Science Fiction

Battlestar Galactica

Distributed by: Universal Studios

Reviewed by: Justine Manzano


        Last week, I reviewed Grey’s Anatomy, explaining how I’d decided to join the series in Season 2, after realizing that I was missing out on something good.  This happened to me twice last season.  The second time, it was Battlestar Galactica.  I had made no secret of hating this show from it’s very inception.  Rumors had been running rampant in the Science Fiction rumor mill that my favorite show, Farscape, had been axed after years of not-so-good ratings but a rabid cult following to allow money in Sci-Fi Channel’s budget for this television remake!  True or not, I was on a boycott.  Then, I realized I was a mature media connoisseur who was behaving like a spoiled brat—perhaps something worth canceling Farscape for couldn’t be bad?  So, I picked up the DVD.

            The very first thing I could do was complain.  I had bought the mini-series that introduced the series as well as the first season on DVD, only to find that the season box set contained the mini-series.  No worries though, I scored money for the mini-series on ebay.
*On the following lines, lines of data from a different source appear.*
lemma measurable_from_coords[measurable]:
  assumes "sets M = sets (borel :: real measure)"
  shows "from_coords \<in> PiM Basis (\<lambda>_. M) \<rightarrow>\<^sub>M (borel :: 'a::euclidean_space measure)"
proof -
  have "(\<lambda>f. \<Sum>b\<in>Basis. f b *\<^sub>R b) \<in> PiM (Basis :: 'a set) (\<lambda>_. lborel) \<rightarrow>\<^sub>M (borel :: 'a measure)"
    by measurable
  moreover have "sets (PiM Basis (\<lambda>_. M)) = sets (PiM (Basis :: 'a set) (\<lambda>_. lborel))"
    using assms by (intro sets_PiM_cong) auto
  ultimately show ?thesis
    unfolding from_coords_def by (simp cong: measurable_cong_sets)
qed

abbreviation gaussian_coords :: "real \<Rightarrow> ('a::euclidean_space \<Rightarrow> real) measure" where
  "gaussian_coords \<sigma> \<equiv> PiM Basis (\<lambda>_. normal_measure \<sigma>)"

lemma gaussian_iso_eq_distr_coords:
  assumes "0 < \<sigma>"
  shows "gaussian_iso \<sigma> = distr (gaussian_coords \<sigma>) (borel :: 'a::euclidean_space measure) from_coords"
proof -
  let ?G = "\<lambda>x::'a. ennreal (\<Prod>i\<in>Basis. normal_density 0 \<sigma> (x \<bullet> i))"
  let ?L = "PiM (Basis :: 'a set) (\<lambda>_. lborel :: real measure)"
  have "gaussian_iso \<sigma> = density (distr ?L borel from_coords) ?G"
    unfolding gaussian_iso_def from_coords_def by (subst lborel_eq) simp
  also have "\<dots> = distr (density ?L (\<lambda>f. ?G (from_coords f))) borel from_coords"
    by (rule density_distr) auto
  also have "density ?L (\<lambda>f. ?G (from_coords f))
      = density ?L (\<lambda>f. \<Prod>i\<in>Basis. normal_density 0 \<sigma> (f i))"
    by (intro density_cong) (auto simp: from_coords_inner_Basis)
  also have "\<dots> = gaussian_coords \<sigma>"
    using assms by (intro density_PiM_prod_eq_PiM_density prob_space_normal_density) auto
  finally show ?thesis .
qed

lemma prob_space_gaussian_coords: "0 < \<sigma> \<Longrightarrow> prob_space (gaussian_coords \<sigma>)"
  by (intro prob_space_PiM prob_space_normal_density)

lemma distr_gaussian_coords_component:
  assumes "0 < \<sigma>" "i \<in> Basis" "sets M = sets (borel :: real measure)"
  shows "distr (gaussian_coords \<sigma> :: ('a::euclidean_space \<Rightarrow> real) measure) M (\<lambda>f. f i) = normal_measure \<sigma>"
proof -
  have "distr (gaussian_coords \<sigma> :: ('a \<Rightarrow> real) measure) M (\<lambda>f. f i)
      = distr (gaussian_coords \<sigma> :: ('a \<Rightarrow> real) measure) (normal_measure \<sigma>) (\<lambda>f. f i)"
    using assms by (intro distr_cong) auto
  also have "\<dots> = normal_measure \<sigma>"
    using assms by (intro distr_PiM_component prob_space_normal_density)
  finally show ?thesis .
qed

lemma gaussian_coords_component_distributed:
  "0 < \<sigma> \<Longrightarrow> i \<in> Basis \<Longrightarrow>
    distributed (gaussian_coords \<sigma> :: ('a::euclidean_space \<Rightarrow> real) measure) lborel (\<lambda>f. f i)
      (normal_density 0 \<sigma>)"
  unfolding distributed_def
  by (auto simp: distr_gaussian_coords_component measurable_component_singleton
      cong: measurable_cong_sets)

lemma indep_vars_gaussian_coords:
  assumes "0 < \<sigma>"
  shows "prob_space.indep_vars (gaussian_coords \<sigma> :: ('a::euclidean_space \<Rightarrow> real) measure)
    (\<lambda>_. borel) (\<lambda>i f. f i) Basis"
proof -
  interpret P: prob_space "gaussian_coords \<sigma> :: ('a \<Rightarrow> real) measure"
    using assms by (rule prob_space_gaussian_coords)
  have "distr (gaussian_coords \<sigma>) (PiM Basis (\<lambda>_. borel)) (\<lambda>f. \<lambda>i\<in>Basis. f i)
      = distr (gaussian_coords \<sigma> :: ('a \<Rightarrow> real) measure) (PiM Basis (\<lambda>_. borel)) (\<lambda>f. f)"
    by (intro distr_cong) (auto simp: space_PiM PiE_def extensional_restrict)
  also have "\<dots> = gaussian_coords \<sigma>"
    by (intro distr_id2 sets_PiM_cong) auto
  also have "\<dots> = PiM Basis (\<lambda>i. distr (gaussian_coords \<sigma> :: ('a \<Rightarrow> real) measure) borel (\<lambda>f. f i))"
    using assms by (intro PiM_cong) (auto simp: distr_gaussian_coords_component)
  finally show ?thesis
    by (subst P.indep_vars_iff_distr_eq_PiM')
      (auto simp: measurable_component_singleton cong: measurable_cong_sets)
qed

lemma sum_Basis_inner_power2: "(\<Sum>i\<in>Basis. (x \<bullet> i)\<^sup>2) = (norm (x :: 'a::euclidean_space))\<^sup>2"
  by (simp add: euclidean_inner[of x x, symmetric] power2_eq_square flip: power2_norm_eq_inner)

lemma gaussian_coords_inner_distributed:
  fixes \<beta> :: "'a::euclidean_space"
  assumes \<sigma>: "0 < \<sigma>" and \<beta>: "\<beta> \<noteq> 0"
  shows "distributed (gaussian_coords \<sigma> :: ('a \<Rightarrow> real) measure) lborel
    (\<lambda>f. (\<beta> \<bullet> from_coords f) / (\<sigma> * norm \<beta>)) std_normal_density"
proof -
  interpret P: prob_space "gaussian_coords \<sigma> :: ('a \<Rightarrow> real) measure"
    using \<sigma> by (rule prob_space_gaussian_coords)
  define s where "s = \<sigma> * norm \<beta>"
  txt \<open>Only coordinates with a nonzero coefficient are summed: sum_indep_normal needs positive
    standard deviations.\<close>
  define I where "I = {i\<in>Basis. \<beta> \<bullet> i \<noteq> 0}"
  define X where "X = (\<lambda>i (f::'a \<Rightarrow> real). (\<beta> \<bullet> i / s) * f i)"
  define \<tau> where "\<tau> = (\<lambda>i::'a. \<bar>\<beta> \<bullet> i / s\<bar> * \<sigma>)"
  have s: "0 < s"
    using \<sigma> \<beta> by (simp add: s_def)
  have I: "finite I" "I \<subseteq> Basis" "I \<noteq> {}"
    using \<beta> euclidean_all_zero_iff[of \<beta>] by (auto simp: I_def)
  have indep: "P.indep_vars (\<lambda>_. borel) X I"
    unfolding X_def
    by (rule P.indep_vars_compose2[OF P.indep_vars_subset[OF indep_vars_gaussian_coords[OF \<sigma>] I(2)]])
      auto
  have distr: "distributed (gaussian_coords \<sigma>) lborel (X i) (normal_density 0 (\<tau> i))"
    if "i \<in> I" for i
    using P.normal_density_affine[OF gaussian_coords_component_distributed[OF \<sigma>], of i "\<beta> \<bullet> i / s" 0]
      that \<sigma> s by (simp add: I_def X_def \<tau>_def)
  have "(\<Sum>i\<in>I. (\<tau> i)\<^sup>2) = (\<Sum>i\<in>Basis. (\<beta> \<bullet> i)\<^sup>2) / (norm \<beta>)\<^sup>2"
    using \<sigma> by (auto simp: sum_divide_distrib \<tau>_def s_def I_def power_divide power_mult_distrib
        intro!: sum.mono_neutral_left)
  then have variance: "(\<Sum>i\<in>I. (\<tau> i)\<^sup>2) = 1"
    using \<beta> by (simp add: sum_Basis_inner_power2)
  have "(\<lambda>f. \<Sum>i\<in>I. X i f) = (\<lambda>f. (\<beta> \<bullet> from_coords f) / s)"
    by (auto simp: X_def I_def inner_from_coords sum_divide_distrib intro!: sum.mono_neutral_left)
  moreover have "\<And>i. i \<in> I \<Longrightarrow> 0 < \<tau> i"
    using \<sigma> s by (auto simp: \<tau>_def I_def)
  ultimately show ?thesis
    using P.sum_indep_normal[OF I(1,3) indep _ distr] variance by (simp add: s_def)
qed

lemma gaussian_iso_inner_distributed:
  fixes \<beta> :: "'a::euclidean_space"
  assumes "0 < \<sigma>" "\<beta> \<noteq> 0"
  shows "distributed (gaussian_iso \<sigma> :: 'a measure) lborel (\<lambda>e. (\<beta> \<bullet> e) / (\<sigma> * norm \<beta>))
    std_normal_density"
proof -
  have "from_coords \<in> (gaussian_coords \<sigma> :: ('a \<Rightarrow> real) measure) \<rightarrow>\<^sub>M (borel :: 'a measure)"
    by (rule measurable_from_coords) simp
  moreover have "(\<lambda>e::'a. (\<beta> \<bullet> e) / (\<sigma> * norm \<beta>)) \<in> borel \<rightarrow>\<^sub>M lborel"
    by simp
  ultimately show ?thesis
    using gaussian_coords_inner_distributed[OF assms]
    by (simp add: gaussian_iso_eq_distr_coords[OF assms(1)] distributed_def distr_distr comp_def)
qed

lemma measure_vimage_std_normal:
  assumes "distributed M lborel Y std_normal_density" "A \<in> sets borel"
  shows "measure M (Y -` A \<inter> space M) = std_normal_mass A"
proof -
  have "emeasure M (Y -` A \<inter> space M) = (\<integral>\<^sup>+x. ennreal (std_normal_density x * indicator A x) \<partial>lborel)"
    using distributed_emeasure[OF assms(1)] assms(2) by (simp add: ennreal_mult' ennreal_indicator)
  also have "\<dots> = ennreal (std_normal_mass A)"
    using assms(2)
    by (intro nn_integral_eq_integral integrable_std_normal_indicator) (auto simp: indicator_def)
  finally show ?thesis
    using std_normal_mass_nonneg[of A] by (simp add: measure_def)
qed

lemma cond_prob_gaussian_iso_halfspace:
  fixes \<beta> :: "'a::euclidean_space"
  assumes "0 < \<sigma>" "\<beta> \<noteq> 0" "0 \<le> c"
  shows "cond_prob (gaussian_iso \<sigma>) (\<lambda>e. \<beta> \<bullet> e > b + c) (\<lambda>e. \<beta> \<bullet> e \<ge> b)
    = std_normal_mass {(b + c) / (\<sigma> * norm \<beta>)<..} / std_normal_mass {b / (\<sigma> * norm \<beta>)..}"
proof -
  let ?Y = "\<lambda>e. (\<beta> \<bullet> e) / (\<sigma> * norm \<beta>)"
  have scale: "0 < \<sigma> * norm \<beta>"
    using assms by simp
  have "{e \<in> space (gaussian_iso \<sigma>). \<beta> \<bullet> e > b + c \<and> \<beta> \<bullet> e \<ge> b}
      = ?Y -` {(b + c) / (\<sigma> * norm \<beta>)<..} \<inter> space (gaussian_iso \<sigma>)"
    "{e \<in> space (gaussian_iso \<sigma>). \<beta> \<bullet> e \<ge> b}
      = ?Y -` {b / (\<sigma> * norm \<beta>)..} \<inter> space (gaussian_iso \<sigma>)"
    using assms(3) scale by (auto simp: divide_less_cancel divide_le_cancel)
  then show ?thesis
    unfolding cond_prob_def
    by (simp add: measure_vimage_std_normal[OF gaussian_iso_inner_distributed[OF assms(1,2)]])
qed

theorem lemma19:
  fixes r \<sigma> :: real
  assumes "\<sigma> > 0" and "r \<ge> \<sigma>"
  shows "has_margins (gaussian_iso \<sigma> :: ('a::euclidean_space) measure) r (\<sigma>\<^sup>2 / r) (1/20)"
  unfolding has_margins_def
proof (intro allI impI)
  fix \<beta> :: 'a and b :: real
  assume "\<beta> \<noteq> 0" and b: "b \<le> r * norm \<beta>"
  define t where "t = b / (\<sigma> * norm \<beta>)"
  define a where "a = \<sigma> / r"
  have "0 < a" "a \<le> 1"
    using assms by (auto simp: a_def)
  moreover have "t * a \<le> 1"
    using assms b \<open>\<beta> \<noteq> 0\<close> by (simp add: t_def a_def divide_le_eq mult.commute)
  moreover have "(b + \<sigma>\<^sup>2 / r * norm \<beta>) / (\<sigma> * norm \<beta>) = t + a"
    using assms \<open>\<beta> \<noteq> 0\<close> by (simp add: t_def a_def power2_eq_square field_simps)
  ultimately show "1/20 \<le> cond_prob (gaussian_iso \<sigma>) (\<lambda>e. \<beta> \<bullet> e > b + \<sigma>\<^sup>2 / r * norm \<beta>) (\<lambda>e. \<beta> \<bullet> e \<ge> b)"
    using std_normal_mass_ratio_ge cond_prob_gaussian_iso_halfspace[OF assms(1) \<open>\<beta> \<noteq> 0\<close>, of "\<sigma>\<^sup>2 / r * norm \<beta>" b]
      assms by (simp add: t_def)
qed

end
Perhaps it should have been more clearly marked.  Either way, I had begun my reluctant journey with the Galactica. 

            The story is about a war between humans and the artificially intelligent beings we have created, The Cylons.  The story begins with the tentative truce between the two nations being violated by the terrorist actions of *gasp* a humanoid Cylon (Tricia Helfer)!  You mean, they look like us?  Like that hasn’t been done before!  (Okay, maybe I’m still a tad bitter, but read on…)  The Cylons rain down Armageddon on the human colonies, leaving only the few remaining ships in the air and just over 4,000 people left to repopulate the world and fight the war against the Cylons.  These ships constitute many tourist ships and a Battlestar class ship named The Galactica.  The fleet is now led by Commander William Adama (Edward James Olmos) who was on the verge of retirement before the attack.  Helping and sometimes arguing with him to make decisions about the fate of humanity is newly appointed President Laura Roslin (Mary McDonnell), who was the Secretary of Education before the attack.
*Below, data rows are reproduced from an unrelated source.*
(* Let $\lambda\in\mathbb{C}$ with $|\lambda|>1$, and let $g,h\in \mathrm{SL}(2,\mathbb{C})$ be $$g=\begin{pmatrix}\lambda&0\\0&\lambda^{-1}\end{pmatrix},\qquad h=\begin{pmatrix}a&b\\c&d\end{pmatrix}.$$ Put $M_g=|\lambda-1|+|\lambda^{-1}-1|$ and suppose $M_g<1$. If $$|abcd|^{1/2}\le \frac{1-M_g}{M_g^2},$$ then the subgroup $\langle g,h\rangle$ is either elementary or not discrete.
   Context: A subgroup of $\mathrm{SL}(2,\mathbb{C})$ is discrete if it is discrete in the matrix topology. It is elementary if its action on $\mathbb{H}^3\cup\partial\mathbb{H}^3$ (via Möbius transformations) has a finite orbit; otherwise it is non-elementary. Since $|\lambda|>1$, $g$ is loxodromic. *)

theory Defs
  imports "HOL-Analysis.Analysis"
begin

type_synonym cmat2 = "complex^2^2"

definition mat2 :: "complex \<Rightarrow> complex \<Rightarrow> complex \<Rightarrow> complex \<Rightarrow> cmat2" where
  "mat2 a b c d = (\<chi> i j. if i = 1 then (if j = 1 then a else b) else (if j = 1 then c else d))"

definition SL2C :: "cmat2 set" where
  "SL2C = {A. det A = 1}"

inductive_set gen_subgroup :: "cmat2 set \<Rightarrow> cmat2 set" for S where
  gen_base: "A \<in> S \<Longrightarrow> A \<in> gen_subgroup S"
| gen_one: "mat 1 \<in> gen_subgroup S"
| gen_mult: "A \<in> gen_subgroup S \<Longrightarrow> B \<in> gen_subgroup S \<Longrightarrow> A ** B \<in> gen_subgroup S"
| gen_inv: "A \<in> gen_subgroup S \<Longrightarrow> matrix_inv A \<in> gen_subgroup S"

definition discrete_group :: "cmat2 set \<Rightarrow> bool" where
  "discrete_group G \<longleftrightarrow> discrete G"

text \<open>Points of the closed upper half-space model of H^3 \<union> \<partial>H^3:
  Pt z t with t > 0 is the interior point z + t j, Pt z 0 the boundary point z,
  and Inf the boundary point at infinity.\<close>
datatype hpoint = Inf | Pt complex real

definition hbar :: "hpoint set" where
  "hbar = {Inf} \<union> {Pt z t | z t. t \<ge> 0}"

text \<open>Action of a matrix [[a,b],[c,d]] in SL(2,C) by the Poincare extension
  q \<mapsto> (aq+b)(cq+d)^{-1} (quaternions), which on the boundary is the Moebius map.\<close>
fun mob_act :: "cmat2 \<Rightarrow> hpoint \<Rightarrow> hpoint" where
  "mob_act A Inf =
     (let a = A$1$1; c = A$2$1 in if c = 0 then Inf else Pt (a / c) 0)"
| "mob_act A (Pt z t) =
     (let a = A$1$1; b = A$1$2; c = A$2$1; d = A$2$2;
          D = (cmod (c*z + d))\<^sup>2 + (cmod c)\<^sup>2 * t\<^sup>2
      in if D = 0 then Inf
         else Pt (((a*z + b) * cnj (c*z + d) + a * cnj c * complex_of_real (t\<^sup>2)) / complex_of_real D)
                 (t / D))"

definition elementary :: "cmat2 set \<Rightarrow> bool" where
  "elementary G \<longleftrightarrow> (\<exists>x\<in>hbar. finite ((\<lambda>A. mob_act A x) ` G))"

end

theory Submission
  imports Defs
begin

text \<open>If h fixes 0 or \<infinity>, or swaps them, the group is elementary. Otherwise iterate
  h_0 = h, h_(n+1) = h_n g h_n^(-1). With E = (\<lambda> - \<lambda>^(-1))^2 the products p_n = a_n b_n c_n d_n
  of the entries of h_n obey p_(n+1) = -E p_n (1 - E p_n), and the hypothesis on |abcd| makes
  this iteration contract to 0. Then b_n c_n \<rightarrow> 0 while the diagonal of h_n tends to that
  of g; conjugating h_n by a suitable power of g balances |b_n| and |c_n|, producing elements
  of the group different from g that converge to g.\<close>

lemma mat2_nth [simp]:
  "mat2 a b c d $1$1 = a" "mat2 a b c d $1$2 = b" "mat2 a b c d $2$1 = c" "mat2 a b c d $2$2 = d"
  unfolding mat2_def by simp_all
(* Let $f:\mathbb{R}^d\to\mathbb{R}$ be bounded below by $f^*$ and smooth with non-negative constants $L_1,\dots,L_d$, i.e. $f(y)\le f(x)+\langle\nabla f(x),y-x\rangle+\sum_{i=1}^d\frac{L_i}{2}(y_i-x_i)^2$ for all $x,y$, and let $\bar L:=\frac1d\sum_iL_i$. Let $M\ge1$ and $l=\lfloor\frac{M+1}{2}\rfloor$. Suppose that at every point $x$, each of $M$ nodes can draw an estimator $\hat g^m(x)$, $m=1,\dots,M$, these $M$ estimators being mutually independent and identically distributed, and each satisfying the SPB assumption with success probabilities $\rho_i(x)$. Consider parallel signSGD with majority vote: $x_{k+1}=x_k-\gamma_k\,\mathrm{sign}\big[\sum_{m=1}^M\mathrm{sign}\,\hat g^m(x_k)\big]$, with fresh draws at each iteration. (a) If $\gamma_k=\gamma_0/\sqrt{k+1}$, $\gamma_0>0$, then for every $K\ge2$, $$\min_{0\le k<K}\mathbb{E}\|\nabla f(x_k)\|_{\rho_M}\le\frac{f(x_0)-f^*}{\gamma_0\sqrt K}+\frac{3\gamma_0d\bar L}{2}\frac{\log K}{\sqrt K}.$$ (b) If $\gamma_k\equiv\gamma>0$, then $\frac1K\sum_{k=0}^{K-1}\mathbb{E}\|\nabla f(x_k)\|_{\rho_M}\le\frac{f(x_0)-f^*}{\gamma K}+\frac{\gamma d\bar L}{2}$.
   Context: $g(x):=\nabla f(x)$; $\mathrm{sign}\,t=1,0,-1$ for $t>0,t=0,t<0$, entrywise on vectors. SPB: for each $i$ with $g_i(x)\ne0$, $\rho_i(x):=\mathrm{Prob}(\mathrm{sign}\,\hat g^m_i(x)=\mathrm{sign}\,g_i(x))>\tfrac12$. Regularized incomplete beta function: $I(p;a,b)=\frac{\int_0^pt^{a-1}(1-t)^{b-1}dt}{\int_0^1t^{a-1}(1-t)^{b-1}dt}$ for $a,b>0$, $p\in[0,1]$. The $\rho_M$-norm: $\|g(x)\|_{\rho_M}:=\sum_{i=1}^d\big(2I(\rho_i(x);l,l)-1\big)|g_i(x)|$ (terms with $g_i(x)=0$ vanish). $\log$ is natural logarithm. *)

theory Defs
  imports "HOL-Probability.Probability"
begin

definition vsign :: "real^'n \<Rightarrow> real^'n" where
  "vsign v = (\<chi> i. sgn (v $ i))"

text \<open>Parallel signSGD with majority vote. The estimator of node m at iteration k
  at point x is G x (xi k m \<omega>); the noises xi k m are fresh iid draws.\<close>
primrec ssgd :: "(real^'d \<Rightarrow> 'b \<Rightarrow> real^'d) \<Rightarrow> (nat \<Rightarrow> real) \<Rightarrow> real^'d \<Rightarrow> nat
    \<Rightarrow> (nat \<Rightarrow> nat \<Rightarrow> 'a \<Rightarrow> 'b) \<Rightarrow> nat \<Rightarrow> 'a \<Rightarrow> real^'d" where
  "ssgd G \<gamma> x0 M xi 0 \<omega> = x0"
| "ssgd G \<gamma> x0 M xi (Suc k) \<omega> =
     (let x = ssgd G \<gamma> x0 M xi k \<omega>
      in x - \<gamma> k *\<^sub>R vsign (\<Sum>m<M. vsign (G x (xi k m \<omega>))))"

definition inc_beta :: "real \<Rightarrow> real \<Rightarrow> real \<Rightarrow> real" where
  "inc_beta p a b =
     (LBINT t=0..p. t powr (a - 1) * (1 - t) powr (b - 1)) /
     (LBINT t=0..1. t powr (a - 1) * (1 - t) powr (b - 1))"

definition spb_rho :: "'b measure \<Rightarrow> (real^'d \<Rightarrow> 'b \<Rightarrow> real^'d) \<Rightarrow> (real^'d \<Rightarrow> real^'d)
    \<Rightarrow> real^'d \<Rightarrow> 'd \<Rightarrow> real" where
  "spb_rho Q G g x i = measure Q {w \<in> space Q. sgn (G x w $ i) = sgn (g x $ i)}"

definition rhoM_norm :: "nat \<Rightarrow> 'b measure \<Rightarrow> (real^'d \<Rightarrow> 'b \<Rightarrow> real^'d) \<Rightarrow> (real^'d \<Rightarrow> real^'d)
    \<Rightarrow> real^'d \<Rightarrow> real" where
  "rhoM_norm M Q G g x =
     (\<Sum>i\<in>UNIV. (2 * inc_beta (spb_rho Q G g x i) (real ((M + 1) div 2)) (real ((M + 1) div 2)) - 1)
                 * \<bar>g x $ i\<bar>)"

end

theory Submission
  imports Defs "HOL-Analysis.Harmonic_Numbers"
begin

text \<open>
  Fix a coordinate i with g_i(x) \<noteq> 0. The M node signs agree with sgn g_i(x) independently with
  probability \<rho> = \<rho>_i(x), so the number of correct votes is Binomial(M, \<rho>) and the majority vote
  points along sgn g_i(x) with expected value E sgn(2 Bin(M, \<rho>) - M). Differentiating this
  Bernstein polynomial in \<rho> leaves a multiple of (\<rho>(1 - \<rho>))^(l-1), the symmetric beta density,
  so it equals 2 I(\<rho>; l, l) - 1. Summing over i gives E\<langle>g(x), vote\<rangle> \<ge> \<parallel>g(x)\<parallel>_\<rho>M, and the
  smoothness inequality turns this into the descent estimate
  E f(x_(k+1)) \<le> E f(x_k) - \<gamma>_k E\<parallel>g(x_k)\<parallel>_\<rho>M + \<gamma>_k^2 (\<Sum>i L_i)/2.
  Telescoping against f \<ge> f* bounds \<Sum> \<gamma>_k E\<parallel>g(x_k)\<parallel>_\<rho>M; for \<gamma>_k = \<gamma>_0/\<surd>(k+1) one then uses
  \<Sum>\<gamma>_k \<ge> \<gamma>_0 \<surd>K and \<Sum>\<gamma>_k^2 = \<gamma>_0^2 H_K \<le> 3 \<gamma>_0^2 log K.
\<close>

text \<open>The library declares this rule raw, which does not lift it through compositions.\<close>
declare borel_measurable_nth[measurable]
            As they struggle to protect humanity, these two stand alternately united and opposing.  Helping them all the while is their crew.  Captain Lee (Apollo) Adama (Jamie Bamber) is the Commander’s son and a valuable flight leader who struggles to repair the relationship with his father despite the fact that he blames him for the death of his brother.  His brother’s fiancée, Lt. Kara (Starbuck) Thrace (Katee Sackhoff) is a courageous pilot with a death wish who can figure her way out of anything.  And then there is Sharon “Boomer” Valieri (Grace Park).  She’s a whole special case.  As the fleet struggles through various issues that are involve either the political or survival, two side stories add a spark.  The first, follows Dr. Gaius Baltar (James Callis), who unwittingly allowed sexy Cylon, Number Six, to disable the defenses and generally allowed the initial attack.  As he struggles to cover up his involvement, he also struggles with the fact that Number Six, who he was in love with, is haunting his mind.  The second side story involves a soldier left behind on the destroyed colony of Caprica, Helo (Tahmoh Penikett) is struggling to survive, but the only help he can get is from someone the audience knows is a Cylon…
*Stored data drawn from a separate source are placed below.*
text \<open>The degree lost along a chain starting at a polynomial square-free over \<open>\<complex>\<close> is
  bounded by the roots that are dropped: a root kept by none of the \<open>g\<^sub>i\<close> divides both factors
  of \<open>a = G\<^sub>j \<cdot> (a div G\<^sub>j)\<close>.\<close>

lemma degree_gcd_chain_loss_le_card_roots:
  fixes a :: "int poly"
  assumes sf: "square_free (of_int_poly a :: complex poly)"
  shows "degree a - degree (gcd_chain a g j)
    \<le> card {x :: complex. poly (of_int_poly a) x = 0 \<and> (\<exists>i\<in>{1..j}. poly (of_int_poly (g i)) x \<noteq> 0)}"
proof -
  define C where "C = (of_int_poly :: int poly \<Rightarrow> complex poly)"
  define G where "G = gcd_chain a g j"
  define H where "H = a div G"
  have a0: "a \<noteq> 0" using sf unfolding square_free_def by auto
  have aGH: "a = G * H" unfolding H_def G_def by (simp add: gcd_chain_dvd)
  from a0 have G0: "G \<noteq> 0" and H0: "H \<noteq> 0" unfolding aGH by auto
  have CaGH: "C a = C G * C H" unfolding aGH C_def by (simp add: hom_distribs)
  have sfH: "square_free (C H)" using sf unfolding C_def[symmetric] CaGH
    by (rule square_free_factor[rotated]) simp
  have "degree a - degree G = degree (C H)"
    unfolding aGH C_def using G0 H0 by (simp add: degree_mult_eq)
  also have "\<dots> = card {x. poly (C H) x = 0}"
    using rsquarefree_card_degree square_free_rsquarefree[OF sfH] H0 unfolding C_def by simp
  also have "\<dots> \<le> card {x. poly (C a) x = 0 \<and> (\<exists>i\<in>{1..j}. poly (C (g i)) x \<noteq> 0)}"
  proof (rule card_mono)
    show "finite {x. poly (C a) x = 0 \<and> (\<exists>i\<in>{1..j}. poly (C (g i)) x \<noteq> 0)}"
      using poly_roots_finite[of "C a"] a0 unfolding C_def by (auto elim: finite_subset[rotated])
    show "{x. poly (C H) x = 0} \<subseteq> {x. poly (C a) x = 0 \<and> (\<exists>i\<in>{1..j}. poly (C (g i)) x \<noteq> 0)}"
    proof safe
      fix x assume Hx: "poly (C H) x = 0"
      then show ax: "poly (C a) x = 0" unfolding CaGH by simp
      show "\<exists>i\<in>{1..j}. poly (C (g i)) x \<noteq> 0"
      proof (rule ccontr)
        assume "\<not> ?thesis"
        then have "poly (C G) x = 0"
          using poly_of_int_poly_gcd_chain_eq_0[of a x j g] ax unfolding G_def C_def by auto
        with Hx have "[:-x,1:] * [:-x,1:] dvd C a"
          unfolding CaGH by (intro mult_dvd_mono) (simp_all add: poly_eq_0_iff_dvd)
        moreover have "degree [:-x,1:] > 0" by simp
        ultimately show False using sf unfolding C_def square_free_def by blast
      qed
    qed
  qed
  finally show ?thesis unfolding C_def G_def .
qed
            I’m the kind of person who can always admit when she has been proven wrong, and this was one of those times.  I was almost immediately hooked on this show.  The acting is incredible and the direction is shaky in that fun, “You’re really there” way—a trick that I firmly believe was borrowed from Firefly.  The vision of a technologically paranoid society, in which we can fly through space but still use rotary phones, is well played and gives the series a look and feel all it’s own.  The characters aren’t quippy and fun like I normally like my TV characters to be, but they are real, gritty, tough, emotional and solid—no one misses their mark.  The Cylons, while easily mocked in theory, are rather convincing and terrifying villains in that they firmly believe that they are doing God’s work.  Sometimes you, the viewer, will begin questioning your loyalties yourself.  The best villains are always the one’s that truly believe they are right.

            Farscape is still the better show of the two, but that doesn’t mean that Battlestar Galactica doesn’t have something incredible to offer.  Fans of the old Battlestar are in for many surprises.  This is not some cheesy and silly 70’s diversion with characters that were never truly realized.  This is a hard-hitting and powerful series that is not afraid to take amazing risks that payoff.  So, I give in—if you love Science Fiction or even if you do not, but you understand that drama can happen in any setting, this is a series for you. 

One of them, anyway…yeah, I know…I’ll get over it.